Additionally, collections of hyperspectral and associated data (e.g., geometry, illumination properties etc.) often need to be grouped together. This is simplified in *hylite* using a directory-like data structure *HyCollection* and its inheriting classes. 

In the following examples we will explore these data types and simple ways to interact with them.

---- 

**Exercise:** *Explore the documentation for the different data objects using the `?` operator*

In [None]:
from hylite import HyData, HyImage, HyCloud, HyLibrary, HyHeader, HyCollection, HyScene

In [None]:
HyImage?

----

### 2. Loading data

Functions for loading and saving data a variety of data types are implemented in the *hylite.io* package. To keep your code simple, these can all be called via the generic *io.load* and *io.save* functions in most situations. File formats that can be read / written this way include:

* **images**: *ENVI, .jpg, .png, .bmp, .tiff*
* **point clouds**: *.ply, .laz* ( [CloudCompare](https://cloudcompare.org/) is a handy open-source tool for converting / manipulating point cloud data ). Hyperclouds with associated scalar data (e.g. spectra, geometric attributes etc.) can be stored in *.ply* format.
* **HyCollection** and **HyScene** directories: *.hyc, .hys*
* header files: *.hdr* (though note that data associated with a *.hdr* file will be loaded also; use load_header to open only the header file)
* **spectral libraries**: *.csv, .sed*
* **numpy arrays**: *.npy*


-------------

 **Exercise:** Load some different file types.


In [None]:
# import IO functionality
from hylite import io

# open an ENVI image
image = io.load( 'test_data/image.hdr' )

# open a .ply point cloud
cloud = io.load( 'test_data/hypercloud.ply' )
cloud.decompress() # this was compressed from float to integer to save space; so we need to convert it back

----------------

### 3. Metadata and header files

In keeping with the standard ENVI file format, metadata associated with hyperspectral datasets (e.g. band widths and wavelengths, acquisition parameters, etc.) can be stored in a simple text header (.hdr) file. We have extended  the amount of information that can be stored in headers to include e.g. calibration panel data (see *hylite.header.get_panel*) and camera pose information (see *hylite.header.get_camera*).

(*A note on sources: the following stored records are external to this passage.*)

lemma bigo_inverse_uniform_bound:
  fixes f :: "nat \<Rightarrow> real"
  assumes "f \<in> O(\<lambda>n. 1 / real n)" and bounded: "\<And>n. f n \<le> b"
  obtains C where "0 < C" "\<And>n. 1 \<le> n \<Longrightarrow> f n \<le> C / n"
proof -
  obtain C0 where "0 < C0" and "eventually (\<lambda>n. norm (f n) \<le> C0 * norm (1 / real n)) at_top"
    using assms(1) by (elim landau_o.bigE) auto
  then obtain n0 where n0: "\<And>n. n0 \<le> n \<Longrightarrow> \<bar>f n\<bar> \<le> C0 / n"
    by (auto simp: eventually_at_top_linorder)
  define C where "C = max C0 (\<bar>b\<bar> * n0)"
  have "f n \<le> C / n" if "1 \<le> n" for n
  proof (cases "n0 \<le> n")
    case True
    then have "f n \<le> C0 / n" using n0 by fastforce
    also have "\<dots> \<le> C / n" by (simp add: C_def divide_right_mono)
    finally show ?thesis .
  next
    case False
    then have "1 \<le> real n0 / n" using that by simp
    then have "\<bar>b\<bar> * 1 \<le> \<bar>b\<bar> * (n0 / n)" by (intro mult_left_mono) simp_all
    then have "f n \<le> \<bar>b\<bar> * n0 / n" using bounded[of n] by simp
    also have "\<dots> \<le> C / n" by (simp add: C_def divide_right_mono)
    finally show ?thesis .
  qed
  moreover have "0 < C" using \<open>0 < C0\<close> by (simp add: C_def)
  ultimately show thesis using that by blast
qed

lemma Qs_ratio_le_1:
  assumes "\<And>k. 0 \<le> q k"
  shows "q (n - 1) / Qs q n \<le> 1"
proof (cases n)
  case (Suc n')
  then have "q (n - 1) \<le> Qs q n" using assms Qs_nonneg[of q n'] by (simp add: Qs_def)
  moreover have "0 \<le> Qs q n" using assms by (rule Qs_nonneg)
  ultimately show ?thesis by (auto simp: divide_le_eq_1)
qed (simp add: Qs_def)

lemma VM_Suc_le:
  assumes "\<And>k. m k \<le> B"
  shows "real (VM m (Suc j)) \<le> B * VM m j"
  using mult_right_mono[of "real (m j)" B "real (VM m j)"] assms[of j] by (simp add: VM_Suc mult.commute)

lemma set_integral_le_bound_mult_measure:
  fixes f :: "'a \<Rightarrow> real"
  assumes "finite_measure M" "A \<in> sets M"
    and "\<And>t. t \<in> A \<Longrightarrow> f t \<le> K" "\<And>t. 0 \<le> f t" "0 \<le> K"
  shows "(LINT t:A|M. f t) \<le> K * measure M A"
proof (cases "set_integrable M A f")
  case True
  interpret finite_measure M by fact
  have "(LINT t:A|M. f t) \<le> (LINT t:A|M. K)"
    using assms True
    by (intro set_integral_mono) (auto simp: set_integrable_def emeasure_finite less_top[symmetric])
  then show ?thesis using assms(2) by (simp add: set_integral_const emeasure_finite mult.commute)
next
  case False
  then show ?thesis
    using assms(5) by (simp add: set_lebesgue_integral_def set_integrable_def not_integrable_integral_eq)
qed

lemma Vsub_eq_if_IN:
  assumes "x \<in> Vspace m" "t \<in> IN m N" "j < N"
  shows "Vsub m x t j = x j"
  using assms by (auto simp: Vsub_def IN_def Vspace_def PiE_iff)

lemma rk_Vsub_ne_1:
  assumes "x \<in> Vspace m" "t \<in> IN m N" "j < N" "x j \<noteq> 0"
  shows "rk m j (Vsub m x t) \<noteq> 1"
  using assms rk_eq_1_iff[of "Vsub m x t" j m] by (auto simp: Vsub_eq_if_IN Vspace_def)

context vilenkin
begin

lemma prob_space_Vmu: "prob_space (Vmu m)"
  unfolding Vmu_def
proof (intro prob_space_PiM prob_space_uniform_count_measure)
  show "{..<m i} \<noteq> {}" for i using m_pos[of i] by blast
qed simp

lemma IN_eq_prod_emb:
  "IN m N = prod_emb UNIV (\<lambda>k. uniform_count_measure {..<m k}) {..<N} (\<Pi>\<^sub>E j\<in>{..<N}. {0})"
  unfolding IN_def prod_emb_def Vspace_def
  by (auto simp: space_PiM space_uniform_count_measure fun_eq_iff restrict_def split: if_splits)

lemma IN_sets: "IN m N \<in> sets (Vmu m)"
  unfolding IN_eq_prod_emb Vmu_def
  by (rule sets_PiM_I) (use m_pos in \<open>auto simp: sets_uniform_count_measure\<close>)

lemma measure_IN: "measure (Vmu m) (IN m N) = 1 / VM m N"
proof -
  interpret product_prob_space "\<lambda>k. uniform_count_measure {..<m k}" UNIV
    unfolding product_prob_space_def product_sigma_finite_def product_prob_space_axioms_def
    using m_pos by (auto intro!: prob_space_uniform_count_measure prob_space_imp_sigma_finite)
  have "emeasure (Vmu m) (IN m N) = (\<Prod>i<N. emeasure (uniform_count_measure {..<m i}) {0})"
    unfolding IN_eq_prod_emb Vmu_def
    by (rule emeasure_PiM_emb) (use m_pos in \<open>auto simp: sets_uniform_count_measure\<close>)
  also have "\<dots> = (\<Prod>i<N. ennreal (1 / m i))"
    using m_pos by (intro prod.cong refl)
      (simp add: emeasure_uniform_count_measure ennreal_of_nat_eq_real_of_nat divide_ennreal)
  also have "\<dots> = ennreal (1 / VM m N)"
    by (simp add: prod_ennreal VM_def prod_dividef)
  finally show ?thesis by (simp add: measure_def)
qed

lemma set_integral_IN_le:
  assumes "\<And>t. t \<in> IN m N \<Longrightarrow> f t \<le> K" "\<And>t. 0 \<le> f t" "0 \<le> K"
  shows "(LINT t:IN m N|Vmu m. f t) \<le> K / VM m N"
  using set_integral_le_bound_mult_measure[OF prob_space.finite_measure[OF prob_space_Vmu] IN_sets assms]
  by (simp add: measure_IN)

lemma integral_Fn_INkl_le:
  assumes "mono q" "\<And>k. 0 \<le> q k" "x \<in> INkl m N k l" "k < l" "l < N"
  shows "(LINT t:IN m N|Vmu m. cmod (Fn m q n (Vsub m x t)))
    \<le> q (n - 1) / Qs q n * (VM m (Suc l) * VM m (Suc k)) / VM m N"
proof (rule set_integral_IN_le)
  fix t assume "t \<in> IN m N"
  moreover have "x \<in> Vspace m" "x k \<noteq> 0" "x l \<noteq> 0" using assms(3) by (auto simp: INkl_def)
  ultimately have "rk m k (Vsub m x t) \<noteq> 1" "rk m l (Vsub m x t) \<noteq> 1"
    using assms(4,5) rk_Vsub_ne_1[where j=k] rk_Vsub_ne_1[where j=l] by simp_all
  then show "cmod (Fn m q n (Vsub m x t)) \<le> q (n - 1) / Qs q n * (VM m (Suc l) * VM m (Suc k))"
    using norm_Fn_le_Abel[OF assms(1,2) norm_sum_Dir_le[OF \<open>k < l\<close>]] by simp
qed (simp_all add: assms(2) Qs_nonneg)

lemma integral_Fn_INkN_le:
  assumes "\<And>k. 0 \<le> q k" "x \<in> INkN m N k" "k < N"
  shows "(LINT t:IN m N|Vmu m. cmod (Fn m q n (Vsub m x t))) \<le> VM m (Suc k) / VM m N"
proof (rule set_integral_IN_le)
  fix t assume "t \<in> IN m N"
  moreover have "x \<in> Vspace m" "x k \<noteq> 0" using assms(2) by (auto simp: INkN_def)
  ultimately have "rk m k (Vsub m x t) \<noteq> 1" using assms(3) rk_Vsub_ne_1[where j=k] by simp
  then show "cmod (Fn m q n (Vsub m x t)) \<le> VM m (Suc k)"
    by (intro norm_Fn_le[OF assms(1)] norm_Dir_le)
qed simp_all

end

theorem mainTheorem6:
  fixes m :: "nat \<Rightarrow> nat" and q :: "nat \<Rightarrow> real"
  assumes m_ge2: "\<And>k. m k \<ge> 2"
    and m_bdd: "\<exists>B. \<forall>k. m k \<le> B"
    and q_mono: "mono q"
    and q_nonneg: "\<And>k. q k \<ge> 0"
    and q0: "q 0 > 0"
    and q_O: "(\<lambda>n. q (n - 1) / Qs q n) \<in> O(\<lambda>n. 1 / real n)"
  shows "\<exists>c>0. \<forall>N n. n \<ge> VM m N \<longrightarrow>
     (\<forall>k l x. k + 2 \<le> N \<longrightarrow> k + 1 \<le> l \<longrightarrow> l + 1 \<le> N \<longrightarrow> x \<in> INkl m N k l \<longrightarrow>
        (LINT t:IN m N|Vmu m. cmod (Fn m q n (Vsub m x t)))
          \<le> c * real (VM m l) * real (VM m k) / (real n * real (VM m N))) \<and>
     (\<forall>k x. k + 1 \<le> N \<longrightarrow> x \<in> INkN m N k \<longrightarrow>
        (LINT t:IN m N|Vmu m. cmod (Fn m q n (Vsub m x t)))
          \<le> c * real (VM m k) / real (VM m N))"
proof -
  interpret vilenkin m using m_ge2 by unfold_locales
  obtain B where B: "\<And>k. m k \<le> B" using m_bdd by blast
  obtain C where "0 < C" and ratio: "\<And>n. 1 \<le> n \<Longrightarrow> q (n - 1) / Qs q n \<le> C / n"
    using bigo_inverse_uniform_bound[OF q_O Qs_ratio_le_1[OF q_nonneg]] by blast
  note M_Suc_le = VM_Suc_le[of m B, OF B]
  define c where "c = C * B\<^sup>2 + B"
  have "0 < c" using \<open>0 < C\<close> B[of 0] m_ge2[of 0] by (simp add: c_def add_nonneg_pos)
  show ?thesis
  proof (intro exI[of _ c] conjI allI impI \<open>0 < c\<close>)
    fix N n k l x assume "VM m N \<le> n" "k + 2 \<le> N" "k + 1 \<le> l" "l + 1 \<le> N" "x \<in> INkl m N k l"
    then have "1 \<le> n" using VM_pos[of N] by linarith
    have "(LINT t:IN m N|Vmu m. cmod (Fn m q n (Vsub m x t)))
        \<le> q (n - 1) / Qs q n * (VM m (Suc l) * VM m (Suc k)) / VM m N"
      using \<open>x \<in> INkl m N k l\<close> \<open>k + 1 \<le> l\<close> \<open>l + 1 \<le> N\<close>
      by (intro integral_Fn_INkl_le q_mono q_nonneg) simp_all
    also have "\<dots> \<le> C / n * ((B * VM m l) * (B * VM m k)) / VM m N"
      using ratio[OF \<open>1 \<le> n\<close>] \<open>0 < C\<close> mult_mono[OF M_Suc_le M_Suc_le]
      by (intro divide_right_mono mult_mono) simp_all
    also have "\<dots> \<le> c * VM m l * VM m k / (real n * VM m N)"
      by (simp add: c_def power2_eq_square field_simps divide_right_mono mult_right_mono)
    finally show "(LINT t:IN m N|Vmu m. cmod (Fn m q n (Vsub m x t)))
        \<le> c * VM m l * VM m k / (real n * VM m N)" .
  next
    fix N n k x assume "VM m N \<le> n" "k + 1 \<le> N" "x \<in> INkN m N k"
    then have "(LINT t:IN m N|Vmu m. cmod (Fn m q n (Vsub m x t))) \<le> VM m (Suc k) / VM m N"
      by (intro integral_Fn_INkN_le q_nonneg) simp_all
    also have "\<dots> \<le> c * VM m k / VM m N"
      using M_Suc_le[of k] mult_right_mono[of B c "real (VM m k)"] \<open>0 < C\<close>
      by (intro divide_right_mono) (simp_all add: c_def)
    finally show "(LINT t:IN m N|Vmu m. cmod (Fn m q n (Vsub m x t))) \<le> c * VM m k / VM m N" .
  qed
qed

end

All *hylite* data objects have a `foo.header` attribute that provides access to header data. This inherits from pythons inbuilt dictionary type, so specific keywords can be accessed or set using `foo.header['some_param']`. Note that keys and values in this dictionary are both stored as text (at least when the header is written to disk), so data types such as arrays need to be parsed using the appropriate function (e.g. *header.get_list*).

---- 

**Exercise:** View header file contents and add / remove keys.

In [None]:
cloud.header.print() # view the keys and associated data stored in the header file

In [None]:
#access data stored in the header file. Note that this is a string.
print(cloud.header['bands'], type(cloud.header['bands'])) 
assert int(cloud.header['bands']) == cloud.band_count() # check value in header matches number of bands in dataset

In [None]:
# get a list from the header file as a numpy array
wav = cloud.header.get_list('wavelength')
print("Hyperspectral bands range from: %s nm - %s nm" %( np.min(wav), np.max(wav)) )

In [None]:
# get camera pose information from the header file
cam = cloud.header.get_camera(0)
print("Sensor position is [%.1f,  %.1f,  %.1f] m" % tuple(cam.pos))

In [None]:
# Add some random information to the header
cloud.header['myname'] = 'Chuck'
cloud.header['wavenumber'] = 1. / (wav*1e-7)

In [None]:
cloud.header.print()

Note that these values will be saved on calling *io.save(...)*, providing an easy way to create persistent metadata.

----
### 4. Hyperspectal data arrays

Most hyperspectral analyses require some form of custom data munging, so the raw hyperspectral data arrays are left very exposed in *hylite*. Any `HyData` instance (including e.g. `HyImage` or `HyCloud` datasets) have a `foo.data` numpy array that contains the raw spectra. This provides easy access for processing, but can also make it easy to corrupt datasets - so use with care!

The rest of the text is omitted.